◆ What is required:
Every record that follows should be written out again without any change.

Recorded data:
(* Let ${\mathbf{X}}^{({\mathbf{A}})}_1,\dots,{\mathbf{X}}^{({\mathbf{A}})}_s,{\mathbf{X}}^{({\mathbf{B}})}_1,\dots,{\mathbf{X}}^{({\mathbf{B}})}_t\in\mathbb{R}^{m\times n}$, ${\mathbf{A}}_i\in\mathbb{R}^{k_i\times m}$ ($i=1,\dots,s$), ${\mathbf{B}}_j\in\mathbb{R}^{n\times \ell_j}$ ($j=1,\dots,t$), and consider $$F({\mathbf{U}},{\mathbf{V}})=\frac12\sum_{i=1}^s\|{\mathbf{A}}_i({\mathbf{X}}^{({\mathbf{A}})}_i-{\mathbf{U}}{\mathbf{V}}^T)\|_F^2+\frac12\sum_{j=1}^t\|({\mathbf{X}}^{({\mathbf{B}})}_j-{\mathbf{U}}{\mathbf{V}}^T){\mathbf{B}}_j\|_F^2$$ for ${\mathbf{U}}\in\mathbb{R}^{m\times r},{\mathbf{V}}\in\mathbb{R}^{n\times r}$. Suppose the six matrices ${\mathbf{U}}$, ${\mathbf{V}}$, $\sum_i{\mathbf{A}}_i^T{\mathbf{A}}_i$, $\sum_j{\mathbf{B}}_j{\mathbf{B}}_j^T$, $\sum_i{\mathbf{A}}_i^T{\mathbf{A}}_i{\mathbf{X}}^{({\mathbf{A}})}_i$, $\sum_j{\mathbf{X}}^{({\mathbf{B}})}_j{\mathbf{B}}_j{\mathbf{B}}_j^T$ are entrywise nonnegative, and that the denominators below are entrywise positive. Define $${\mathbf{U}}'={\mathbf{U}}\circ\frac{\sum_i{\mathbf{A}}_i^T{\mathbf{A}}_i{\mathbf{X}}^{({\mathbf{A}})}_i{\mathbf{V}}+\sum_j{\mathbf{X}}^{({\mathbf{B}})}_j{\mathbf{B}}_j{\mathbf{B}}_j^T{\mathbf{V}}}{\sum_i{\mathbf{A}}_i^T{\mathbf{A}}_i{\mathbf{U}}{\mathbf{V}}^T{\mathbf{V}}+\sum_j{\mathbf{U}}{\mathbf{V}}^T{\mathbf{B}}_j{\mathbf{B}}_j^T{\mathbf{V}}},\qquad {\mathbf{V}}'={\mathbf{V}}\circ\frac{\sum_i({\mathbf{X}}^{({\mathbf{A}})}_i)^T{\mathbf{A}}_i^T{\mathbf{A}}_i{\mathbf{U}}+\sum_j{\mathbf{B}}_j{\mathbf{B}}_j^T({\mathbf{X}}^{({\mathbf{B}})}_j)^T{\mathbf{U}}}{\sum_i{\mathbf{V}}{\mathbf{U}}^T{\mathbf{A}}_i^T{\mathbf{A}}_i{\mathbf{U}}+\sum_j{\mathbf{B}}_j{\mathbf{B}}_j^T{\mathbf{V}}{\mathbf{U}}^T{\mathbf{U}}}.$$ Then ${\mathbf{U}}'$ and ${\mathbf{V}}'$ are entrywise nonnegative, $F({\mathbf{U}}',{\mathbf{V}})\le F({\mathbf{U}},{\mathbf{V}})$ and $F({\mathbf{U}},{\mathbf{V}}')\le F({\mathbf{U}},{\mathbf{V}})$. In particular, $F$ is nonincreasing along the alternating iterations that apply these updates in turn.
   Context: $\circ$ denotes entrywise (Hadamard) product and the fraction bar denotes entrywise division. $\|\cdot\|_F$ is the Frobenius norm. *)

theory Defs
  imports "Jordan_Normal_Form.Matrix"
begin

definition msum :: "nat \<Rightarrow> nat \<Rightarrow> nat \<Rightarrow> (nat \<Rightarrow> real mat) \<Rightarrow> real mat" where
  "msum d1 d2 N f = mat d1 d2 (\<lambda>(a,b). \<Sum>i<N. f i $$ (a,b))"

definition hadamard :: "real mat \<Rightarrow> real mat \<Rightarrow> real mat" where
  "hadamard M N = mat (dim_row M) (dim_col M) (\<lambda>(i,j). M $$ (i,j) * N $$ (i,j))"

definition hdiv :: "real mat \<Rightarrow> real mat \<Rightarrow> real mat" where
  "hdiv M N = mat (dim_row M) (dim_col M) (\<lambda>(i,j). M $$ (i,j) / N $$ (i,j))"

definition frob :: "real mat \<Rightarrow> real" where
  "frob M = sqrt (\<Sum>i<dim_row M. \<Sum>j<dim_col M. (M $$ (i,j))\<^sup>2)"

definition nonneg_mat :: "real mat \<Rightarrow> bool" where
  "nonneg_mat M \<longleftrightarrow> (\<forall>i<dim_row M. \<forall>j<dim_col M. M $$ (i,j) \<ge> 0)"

◆ Solution to this exercise:
(* Let ${\mathbf{X}}^{({\mathbf{A}})}_1,\dots,{\mathbf{X}}^{({\mathbf{A}})}_s,{\mathbf{X}}^{({\mathbf{B}})}_1,\dots,{\mathbf{X}}^{({\mathbf{B}})}_t\in\mathbb{R}^{m\times n}$, ${\mathbf{A}}_i\in\mathbb{R}^{k_i\times m}$ ($i=1,\dots,s$), ${\mathbf{B}}_j\in\mathbb{R}^{n\times \ell_j}$ ($j=1,\dots,t$), and consider $$F({\mathbf{U}},{\mathbf{V}})=\frac12\sum_{i=1}^s\|{\mathbf{A}}_i({\mathbf{X}}^{({\mathbf{A}})}_i-{\mathbf{U}}{\mathbf{V}}^T)\|_F^2+\frac12\sum_{j=1}^t\|({\mathbf{X}}^{({\mathbf{B}})}_j-{\mathbf{U}}{\mathbf{V}}^T){\mathbf{B}}_j\|_F^2$$ for ${\mathbf{U}}\in\mathbb{R}^{m\times r},{\mathbf{V}}\in\mathbb{R}^{n\times r}$. Suppose the six matrices ${\mathbf{U}}$, ${\mathbf{V}}$, $\sum_i{\mathbf{A}}_i^T{\mathbf{A}}_i$, $\sum_j{\mathbf{B}}_j{\mathbf{B}}_j^T$, $\sum_i{\mathbf{A}}_i^T{\mathbf{A}}_i{\mathbf{X}}^{({\mathbf{A}})}_i$, $\sum_j{\mathbf{X}}^{({\mathbf{B}})}_j{\mathbf{B}}_j{\mathbf{B}}_j^T$ are entrywise nonnegative, and that the denominators below are entrywise positive. Define $${\mathbf{U}}'={\mathbf{U}}\circ\frac{\sum_i{\mathbf{A}}_i^T{\mathbf{A}}_i{\mathbf{X}}^{({\mathbf{A}})}_i{\mathbf{V}}+\sum_j{\mathbf{X}}^{({\mathbf{B}})}_j{\mathbf{B}}_j{\mathbf{B}}_j^T{\mathbf{V}}}{\sum_i{\mathbf{A}}_i^T{\mathbf{A}}_i{\mathbf{U}}{\mathbf{V}}^T{\mathbf{V}}+\sum_j{\mathbf{U}}{\mathbf{V}}^T{\mathbf{B}}_j{\mathbf{B}}_j^T{\mathbf{V}}},\qquad {\mathbf{V}}'={\mathbf{V}}\circ\frac{\sum_i({\mathbf{X}}^{({\mathbf{A}})}_i)^T{\mathbf{A}}_i^T{\mathbf{A}}_i{\mathbf{U}}+\sum_j{\mathbf{B}}_j{\mathbf{B}}_j^T({\mathbf{X}}^{({\mathbf{B}})}_j)^T{\mathbf{U}}}{\sum_i{\mathbf{V}}{\mathbf{U}}^T{\mathbf{A}}_i^T{\mathbf{A}}_i{\mathbf{U}}+\sum_j{\mathbf{B}}_j{\mathbf{B}}_j^T{\mathbf{V}}{\mathbf{U}}^T{\mathbf{U}}}.$$ Then ${\mathbf{U}}'$ and ${\mathbf{V}}'$ are entrywise nonnegative, $F({\mathbf{U}}',{\mathbf{V}})\le F({\mathbf{U}},{\mathbf{V}})$ and $F({\mathbf{U}},{\mathbf{V}}')\le F({\mathbf{U}},{\mathbf{V}})$. In particular, $F$ is nonincreasing along the alternating iterations that apply these updates in turn.
   Context: $\circ$ denotes entrywise (Hadamard) product and the fraction bar denotes entrywise division. $\|\cdot\|_F$ is the Frobenius norm. *)

theory Defs
  imports "Jordan_Normal_Form.Matrix"
begin

definition msum :: "nat \<Rightarrow> nat \<Rightarrow> nat \<Rightarrow> (nat \<Rightarrow> real mat) \<Rightarrow> real mat" where
  "msum d1 d2 N f = mat d1 d2 (\<lambda>(a,b). \<Sum>i<N. f i $$ (a,b))"

definition hadamard :: "real mat \<Rightarrow> real mat \<Rightarrow> real mat" where
  "hadamard M N = mat (dim_row M) (dim_col M) (\<lambda>(i,j). M $$ (i,j) * N $$ (i,j))"

definition hdiv :: "real mat \<Rightarrow> real mat \<Rightarrow> real mat" where
  "hdiv M N = mat (dim_row M) (dim_col M) (\<lambda>(i,j). M $$ (i,j) / N $$ (i,j))"

definition frob :: "real mat \<Rightarrow> real" where
  "frob M = sqrt (\<Sum>i<dim_row M. \<Sum>j<dim_col M. (M $$ (i,j))\<^sup>2)"

definition nonneg_mat :: "real mat \<Rightarrow> bool" where
  "nonneg_mat M \<longleftrightarrow> (\<forall>i<dim_row M. \<forall>j<dim_col M. M $$ (i,j) \<ge> 0)"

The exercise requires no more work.